[WHAT TO WORK ON]
Return the following from the records below: each line, word for word, starting with the line that contains "(\<exists>x\<in>S. \<exists>y\<in>S. x" and going on through the line that contains "length w \<and>", with nothing outside that range.

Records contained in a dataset

################

(* Let $S$ be a numerical semigroup with multiplicity $e$ and minimal generators $e<a_1<\dots<a_t$, and let $0\le i<e$. Then ${\rm d}_{\max}(S_i)=\max_{u\in{\rm adj}(S_i)}|\mathcal R(u)|$, where ${\rm d}_{\max}(S_i)=\max_{s\in S_i}{\rm d}_{\max}(s;S)$.
   Context: A numerical semigroup is a submonoid of $(\mathbb N,+)$ with finite complement. An $S$-factorization of $n\in S$ is $(c_0,\dots,c_t)\in\mathbb N^{t+1}$ with $c_0e+\sum c_ia_i=n$, of length $\sum c_i$. ${\rm ord}(n;S)$ is the maximal such length, and ${\rm d}_{\max}(n;S)$ is the number of $S$-factorizations of $n$ of length ${\rm ord}(n;S)$. Let $d_i=a_i-e$, $B=\langle e,d_1,\dots,d_t\rangle$, $\mathcal D=(e,d_1,\dots,d_t)$. A $B^{\mathcal D}$-factorization of $b\in B$ is $(x_0,\dots,x_t)\in\mathbb N^{t+1}$ with $x_0e+\sum x_id_i=b$, of length $\sum x_i$. $\min{\rm ord}(b;B^{\mathcal D})$ is the minimal such length, and $\mathcal P(b)$ is the set of all of them. Put ${\rm adj}(s)=s-{\rm ord}(s;S)e$ and $S_i=\{s\in S:s\equiv i\pmod e\}$. Write ${\rm adj}(S_i)=\{{\rm adj}(s):s\in S_i\}=\{u_0<u_1<\cdots\}$. Define $\mathcal R(u_0)=\mathcal P(u_0)$ and, for $j>0$, $\mathcal R(u_j)=\{\mathbf x\in\mathcal P(u_j):|\mathbf x|<\min{\rm ord}(u_{j-1};B^{\mathcal D})-\frac{u_j-u_{j-1}}{e}\}$. *)

theory Defs
  imports Complex_Main
begin

definition numerical_semigroup :: "nat set \<Rightarrow> bool" where
  "numerical_semigroup S \<longleftrightarrow> 0 \<in> S \<and> (\<forall>x\<in>S. \<forall>y\<in>S. x + y \<in> S) \<and> finite (UNIV - S)"

definition multiplicity :: "nat set \<Rightarrow> nat" where
  "multiplicity S = (LEAST n. n \<in> S \<and> 0 < n)"

definition minimal_generators :: "nat set \<Rightarrow> nat set" where
  "minimal_generators S = {s \<in> S. s \<noteq> 0 \<and>
      \<not> (\<exists>x\<in>S. \<exists>y\<in>S. x \<noteq> 0 \<and> y \<noteq> 0 \<and> x + y = s)}"

definition facts :: "nat list \<Rightarrow> nat \<Rightarrow> nat list set" where
  "facts w n = {c. length c = length w \<and> (\<Sum>j<length w. c ! j * w ! j) = n}"

definition ordS :: "nat list \<Rightarrow> nat \<Rightarrow> nat" where
  "ordS w n = Max (sum_list ` facts w n)"

definition dmax :: "nat list \<Rightarrow> nat \<Rightarrow> nat" where
  "dmax w n = card {c \<in> facts w n. sum_list c = ordS w n}"

definition minord :: "nat list \<Rightarrow> nat \<Rightarrow> nat" where
  "minord w b = Min (sum_list ` facts w b)"

definition Dlist :: "nat \<Rightarrow> nat list \<Rightarrow> nat list" where
  "Dlist e as = e # map (\<lambda>a. a - e) as"

definition adj :: "nat \<Rightarrow> nat list \<Rightarrow> nat \<Rightarrow> nat" where
  "adj e as s = s - ordS (e # as) s * e"

definition Sclass :: "nat set \<Rightarrow> nat \<Rightarrow> nat \<Rightarrow> nat set" where
  "Sclass S e i = {s \<in> S. s mod e = i}"

definition adjSet :: "nat set \<Rightarrow> nat \<Rightarrow> nat list \<Rightarrow> nat \<Rightarrow> nat set" where
  "adjSet S e as i = adj e as ` Sclass S e i"

definition Rset :: "nat set \<Rightarrow> nat \<Rightarrow> nat list \<Rightarrow> nat \<Rightarrow> nat \<Rightarrow> nat list set" where
  "Rset S e as i u =
    (let A = adjSet S e as i in
     if u = Min A then facts (Dlist e as) u
     else (let u' = Max {v \<in> A. v < u} in
       {x \<in> facts (Dlist e as) u.
          real (sum_list x) < real (minord (Dlist e as) u') - (real u - real u') / real e}))"

definition dmax_class :: "nat set \<Rightarrow> nat \<Rightarrow> nat list \<Rightarrow> nat \<Rightarrow> nat" where
  "dmax_class S e as i = Max ((\<lambda>s. dmax (e # as) s) ` Sclass S e i)"

end

theory Submission
  imports Defs
begin

text \<open>Every \<open>s \<in> S\<close> satisfies \<open>s = adj(s) + ord(s) e\<close>, and deleting the coefficient of \<open>e\<close>
  turns the factorizations of \<open>s\<close> of maximal length bijectively into the \<open>B\<^sup>D\<close>-factorizations
  of \<open>adj(s)\<close> of length at most \<open>ord(s)\<close>; none of the latter can use \<open>e\<close>. Enumerating
  \<open>S\<^sub>i\<close> as \<open>s\<^sub>k = s\<^sub>0 + k e\<close>, the sequence \<open>adj(s\<^sub>k)\<close> is non-increasing and \<open>ord(s\<^sub>k)\<close>
  strictly increasing, so for fixed \<open>u \<in> adj(S\<^sub>i)\<close> the count \<open>dmax(s\<^sub>k)\<close> is largest at the
  last \<open>k\<close> with \<open>adj(s\<^sub>k) = u\<close>. For \<open>u = u\<^sub>0\<close> the length bound is then vacuous; otherwise the
  predecessor of \<open>u\<close> is \<open>u' = adj(s\<^bsub>k+1\<^esub>)\<close>, its minimal \<open>B\<^sup>D\<close>-length is \<open>ord(s\<^bsub>k+1\<^esub>)\<close>, and
  \<open>ord(s\<^sub>k) + 1 = min ord(u') - (u - u')/e\<close>, so the count is \<open>|R(u)|\<close>.\<close>

fun dotp :: "nat list \<Rightarrow> nat list \<Rightarrow> nat" where
  "dotp (x # xs) (w # ws) = x * w + dotp xs ws"
| "dotp _ _ = 0"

################

[COMPLETED TASK]
      \<not> (\<exists>x\<in>S. \<exists>y\<in>S. x \<noteq> 0 \<and> y \<noteq> 0 \<and> x + y = s)}"

definition facts :: "nat list \<Rightarrow> nat \<Rightarrow> nat list set" where
  "facts w n = {c. length c = length w \<and> (\<Sum>j<length w. c ! j * w ! j) = n}"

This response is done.